Первым делом он открыл дверь и вытащил всех на снег. Они были живы, но степень отравления была глубокой, и тогда Фомин, найдя в одной из сумок нашатырный спирт, обильно полил им ватный тампон и принялся отхаживать пострадавших, чередуя зверские понюшки нашатыря с немилосердным растиранием снегом. Ему было жарко, угоревшие мычали, в их одуревших глазах появились слезы, и носы покраснели от изуверских понюшек.
— Не вертись. Я тебе поверчусь, — приговаривал он, вспотевший от собственных стараний и сознания, что промедли он еще чуть, то мог бы безнадежно опоздать. И дело даже не в том, что мог бы оказаться штрафником, а в том, что не в бою, не по необходимому на войне делу положил бы людей, а по дурости своей, и, случись такое, казалось старшине, он бы до конца дней своих не простил бы себе такой потери, даже если бы после штрафного и считался бы искупившим свою вину. Там после ранения в бою, говорят, все прощают. За опоздание в полк, конечно, влепят по первое число, но такая степень вины, за которую тоже могли «раскрутить» до штрафбата, отошла на второй план. Самому можно куда хочешь, дальше фронта все равно не пошлют, и если разобраться, то туда ему и самому надо, а вот девчат ни за что потерять — это никак невозможно.
Так думалось Фомину, и он от злости начинал орудовать тампоном еще энергичнее.
— Эй, старшина! — окликнул кто-то рядом, и он сразу вспомнил, что автомат свой в горячке оставил у входа в землянку, и сейчас его и оружие разделяют метров шесть. Старшина скосил глаза на звук голоса и заметил про себя, что пришедшие стоят с нашими автоматами, налегке, без «сидоров» и свободна только одна дорога — на лед Вислы, где на целый километр голый, как бабкина коленка, лед. Грамотно стоят. Пятеро.

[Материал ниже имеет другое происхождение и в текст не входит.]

lemma abs_det_rows_near_subspace:
  fixes a e :: "'n \<Rightarrow> real^'n"
  assumes "\<And>i. i \<in> J \<Longrightarrow> a i \<in> W" "\<not> independent_family a J"
    and "\<And>i. i \<in> J \<Longrightarrow> norm (a i) \<le> R" "\<And>i. i \<notin> J \<Longrightarrow> norm (a i) \<le> 1"
    and "\<And>i. norm (e i) \<le> \<delta>" "1 \<le> R" "\<delta> \<le> 1"
  shows "\<bar>det (\<chi> i. a i + e i)\<bar> \<le> 2 ^ CARD('n) * fact CARD('n) * (\<delta> * R ^ dim W)"
proof -
  have "\<bar>det (\<chi> i. a i + e i)\<bar> \<le> (\<Sum>T\<in>Pow UNIV. \<bar>det (\<chi> i. if i \<in> T then a i else e i)\<bar>)"
    unfolding det_add_rows by (rule sum_abs)
  also have "\<dots> \<le> (\<Sum>T\<in>Pow (UNIV :: 'n set). fact CARD('n) * (\<delta> * R ^ dim W))"
    using abs_det_mixed_rows_near_subspace[OF assms] by (intro sum_mono)
  also have "\<dots> = 2 ^ CARD('n) * fact CARD('n) * (\<delta> * R ^ dim W)"
    by (simp add: card_Pow)
  finally show ?thesis .
qed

В сорок третьем, на переправе под Пришибом, где санпоезд принимал раненых, прямо на рядом строящийся понтонный мост выкатился «виллис» с опознавательными знаками танкового корпуса и стал прокатываться на запад по еще не достроенному настилу. Вдруг прямо на виду саперов, раненых, санпоезда трое перевязанных офицеров, сидевших с краю от толпы раненых, в упор из пистолетов расстреляли всех, кто сидел в «виллисе», сами впрыгнули в него и рванули мимо остолбеневших свидетелей происходящего. Хорошо, что среди раненых оказался командир разведроты, который сообразил, что к чему. Разведчик первым крикнул: «Это шпионы!» И с левой руки высадил вдогонку машине всю обойму своего ТТ. Ни в кого из них он не попал, но дело сделал, общее оцепенение кончилось, и тогда стали стрелять все, у кого было оружие.
Последней вступила в дело счетверенная зенитная установка и в две длинные очереди подожгла машину и изрешетила двоих, которые пытались бежать от нее, когда «виллис» беспомощно ткнулся вместе с третьим, шофером, в песчаный откос предмостной выемки. Они так и сгорели вместе с машиной, хотя разведчик призывал, требовал, чтоб вытащили то, что осталось от этих «распроклятых шпионов и диверсантов, потому что у них там, должно быть, остались документы и карты». Тогда этого никто не сделал, и было такое ощущение, словно всем миром прикончили ядовитую змею. С тех пор у мостов Фомину всегда приходила в голову эта история.